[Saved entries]
[Start of section]
lemma cscalar_prod_smult:
  assumes "v \<in> carrier_vec n" "w \<in> carrier_vec n"
  shows "(a \<cdot>\<^sub>v v) \<bullet>c (b \<cdot>\<^sub>v w) = a * cnj b * (v \<bullet>c (w :: complex vec))"
  using assms by (auto simp: scalar_prod_def sum_distrib_left intro!: sum.cong)

definition normalize_vec :: "complex vec \<Rightarrow> complex vec" where
  "normalize_vec v = complex_of_real (1 / sqrt (Re (v \<bullet>c v))) \<cdot>\<^sub>v v"

lemma normalize_vec_carrier [simp]: "v \<in> carrier_vec n \<Longrightarrow> normalize_vec v \<in> carrier_vec n"
  unfolding normalize_vec_def by simp

lemma cscalar_prod_normalize_vec:
  assumes "v \<in> carrier_vec n" "w \<in> carrier_vec n"
  shows "normalize_vec v \<bullet>c normalize_vec w =
    complex_of_real (1 / sqrt (Re (v \<bullet>c v)) / sqrt (Re (w \<bullet>c w))) * (v \<bullet>c w)"
  unfolding normalize_vec_def by (simp add: cscalar_prod_smult[OF assms])

lemma normalize_vec_unit:
  assumes "v \<in> carrier_vec n" "v \<noteq> 0\<^sub>v n"
  shows "normalize_vec v \<bullet>c normalize_vec v = 1"
proof -
  define s where "s = Re (v \<bullet>c v)"
  have "v \<bullet>c v > 0" using assms by simp
  then have vv: "v \<bullet>c v = complex_of_real s" and s: "s > 0"
    by (auto simp: s_def less_complex_def complex_eq_iff)
  have "normalize_vec v \<bullet>c normalize_vec v = complex_of_real (1 / (sqrt s * sqrt s) * s)"
    unfolding cscalar_prod_normalize_vec[OF assms(1) assms(1)] vv by (simp add: s_def)
  then show ?thesis
    using s by simp
qed

lemma index_mat_adjoint_mult:
  assumes "dim_row B = dim_row A" "i < dim_col A" "j < dim_col B"
  shows "(mat_adjoint A * B) $$ (i, j) = col B j \<bullet>c col A i"
  using assms by (auto simp: scalar_prod_def mult.commute intro!: sum.cong)

lemma unitary_mat_of_normalized_cols:
  assumes ws: "set ws \<subseteq> carrier_vec n" and orth: "corthogonal ws" and len: "length ws = n"
  shows "unitary_mat n (mat_of_cols n (map normalize_vec ws))" (is "unitary_mat n ?W")
proof -
  have ws_i: "ws ! i \<in> carrier_vec n" if "i < n" for i
    using ws len that by auto
  have col_W: "col ?W i = normalize_vec (ws ! i)" if "i < n" for i
    using that len ws_i by simp
  have "mat_adjoint ?W * ?W = 1\<^sub>m n"
  proof (rule eq_matI)
    fix i j assume "i < dim_row (1\<^sub>m n :: complex mat)" "j < dim_col (1\<^sub>m n :: complex mat)"
    then have i: "i < n" and j: "j < n" by auto
    have "(mat_adjoint ?W * ?W) $$ (i, j) = col ?W j \<bullet>c col ?W i"
      by (rule index_mat_adjoint_mult) (use i j len in auto)
    also have "\<dots> = normalize_vec (ws ! j) \<bullet>c normalize_vec (ws ! i)"
      using i j by (simp add: col_W)
    also have "\<dots> = 1\<^sub>m n $$ (i, j)"
    proof (cases "i = j")
      case True
      then have "ws ! i \<noteq> 0\<^sub>v n"
        using corthogonalD[OF orth, of i i] len i by auto
      then show ?thesis
        using True i normalize_vec_unit[OF ws_i[OF i]] by simp
    next
      case False
      then have "ws ! j \<bullet>c ws ! i = 0"
        using corthogonalD[OF orth, of j i] len i j by auto
      then show ?thesis
        using False i j by (simp add: cscalar_prod_normalize_vec[OF ws_i[OF j] ws_i[OF i]])
    qed
    finally show "(mat_adjoint ?W * ?W) $$ (i, j) = 1\<^sub>m n $$ (i, j)" .
  qed (use len in auto)
  then show ?thesis
    using mat_of_cols_carrier(1)[of n "map normalize_vec ws"] len by (simp add: unitary_mat_def)
qed

lemma unit_vec_extends_to_unitary_mat:
  assumes v: "v \<in> carrier_vec n" and v1: "v \<bullet>c v = 1"
  obtains W where "unitary_mat n W" "col W 0 = v"
proof -
  interpret cof_vec_space n "TYPE(complex)" .
  have v0: "v \<noteq> 0\<^sub>v n"
    using v1 v by auto
  then have n: "n > 0"
    using v by (cases n) auto
  define b where "b = basis_completion v"
  from basis_completion[OF v v0, folded b_def]
  have b: "set b \<subseteq> carrier_vec n" "distinct b" "\<not> lin_dep (set b)" "hd b = v" "length b = n"
    by auto
  then obtain vs where b_v: "b = v # vs"
    using n by (cases b) auto
  define ws where "ws = gram_schmidt n b"
  from gram_schmidt_result[OF b(1-3) ws_def]
  have ws: "set ws \<subseteq> carrier_vec n" "corthogonal ws" "length ws = n"
    using b(5) by auto
  have "ws ! 0 = v"
    using gram_schmidt_hd[OF v, of vs] ws(3) n unfolding ws_def b_v by (cases "gram_schmidt n (v # vs)") auto
  moreover have "normalize_vec v = v"
    using v1 by (simp add: normalize_vec_def)
  ultimately have "col (mat_of_cols n (map normalize_vec ws)) 0 = v"
    using ws n by (subst col_mat_of_cols) auto
  with unitary_mat_of_normalized_cols[OF ws] show ?thesis
    using that by blast
qed

section \<open>Unitary Schur decomposition\<close>

lemma unitary_mat_conj_eigenvector_col:
  assumes A: "A \<in> carrier_mat n n" and W: "unitary_mat n W" and W_v: "col W 0 = v"
    and Av: "A *\<^sub>v v = e \<cdot>\<^sub>v v" and i: "i < n"
  shows "(mat_adjoint W * A * W) $$ (i, 0) = (if i = 0 then e else 0)"
proof -
  have W_c: "W \<in> carrier_mat n n" and WW: "mat_adjoint W * W = 1\<^sub>m n"
    using W by (auto simp: unitary_mat_def)
  have n: "0 < n" using i by simp
  have "col (A * W) 0 = e \<cdot>\<^sub>v col W 0"
    using col_mult2[OF A W_c n] by (simp only: W_v Av)
  then have "(mat_adjoint W * A * W) $$ (i, 0) = e * (mat_adjoint W * W) $$ (i, 0)"
    using A W_c n i by (simp add: assoc_mult_mat[of _ n n _ n _ n])
  then show ?thesis
    using WW i n by simp
qed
[End of section]
◆ **EXERCISE AIM**: From the entries above, return exactly the line containing "unfolding normalize_vec_def by simp", the line containing "using i j by (simp add: col_W)", and all lines between, and nothing else.

◆ **REPLY**:
  unfolding normalize_vec_def by simp

lemma cscalar_prod_normalize_vec:
  assumes "v \<in> carrier_vec n" "w \<in> carrier_vec n"
  shows "normalize_vec v \<bullet>c normalize_vec w =
    complex_of_real (1 / sqrt (Re (v \<bullet>c v)) / sqrt (Re (w \<bullet>c w))) * (v \<bullet>c w)"
  unfolding normalize_vec_def by (simp add: cscalar_prod_smult[OF assms])

lemma normalize_vec_unit:
  assumes "v \<in> carrier_vec n" "v \<noteq> 0\<^sub>v n"
  shows "normalize_vec v \<bullet>c normalize_vec v = 1"
proof -
  define s where "s = Re (v \<bullet>c v)"
  have "v \<bullet>c v > 0" using assms by simp
  then have vv: "v \<bullet>c v = complex_of_real s" and s: "s > 0"
    by (auto simp: s_def less_complex_def complex_eq_iff)
  have "normalize_vec v \<bullet>c normalize_vec v = complex_of_real (1 / (sqrt s * sqrt s) * s)"
    unfolding cscalar_prod_normalize_vec[OF assms(1) assms(1)] vv by (simp add: s_def)
  then show ?thesis
    using s by simp
qed

lemma index_mat_adjoint_mult:
  assumes "dim_row B = dim_row A" "i < dim_col A" "j < dim_col B"
  shows "(mat_adjoint A * B) $$ (i, j) = col B j \<bullet>c col A i"
  using assms by (auto simp: scalar_prod_def mult.commute intro!: sum.cong)

lemma unitary_mat_of_normalized_cols:
  assumes ws: "set ws \<subseteq> carrier_vec n" and orth: "corthogonal ws" and len: "length ws = n"
  shows "unitary_mat n (mat_of_cols n (map normalize_vec ws))" (is "unitary_mat n ?W")
proof -
  have ws_i: "ws ! i \<in> carrier_vec n" if "i < n" for i
    using ws len that by auto
  have col_W: "col ?W i = normalize_vec (ws ! i)" if "i < n" for i
    using that len ws_i by simp
  have "mat_adjoint ?W * ?W = 1\<^sub>m n"
  proof (rule eq_matI)
    fix i j assume "i < dim_row (1\<^sub>m n :: complex mat)" "j < dim_col (1\<^sub>m n :: complex mat)"
    then have i: "i < n" and j: "j < n" by auto
    have "(mat_adjoint ?W * ?W) $$ (i, j) = col ?W j \<bullet>c col ?W i"
      by (rule index_mat_adjoint_mult) (use i j len in auto)
    also have "\<dots> = normalize_vec (ws ! j) \<bullet>c normalize_vec (ws ! i)"
      using i j by (simp add: col_W)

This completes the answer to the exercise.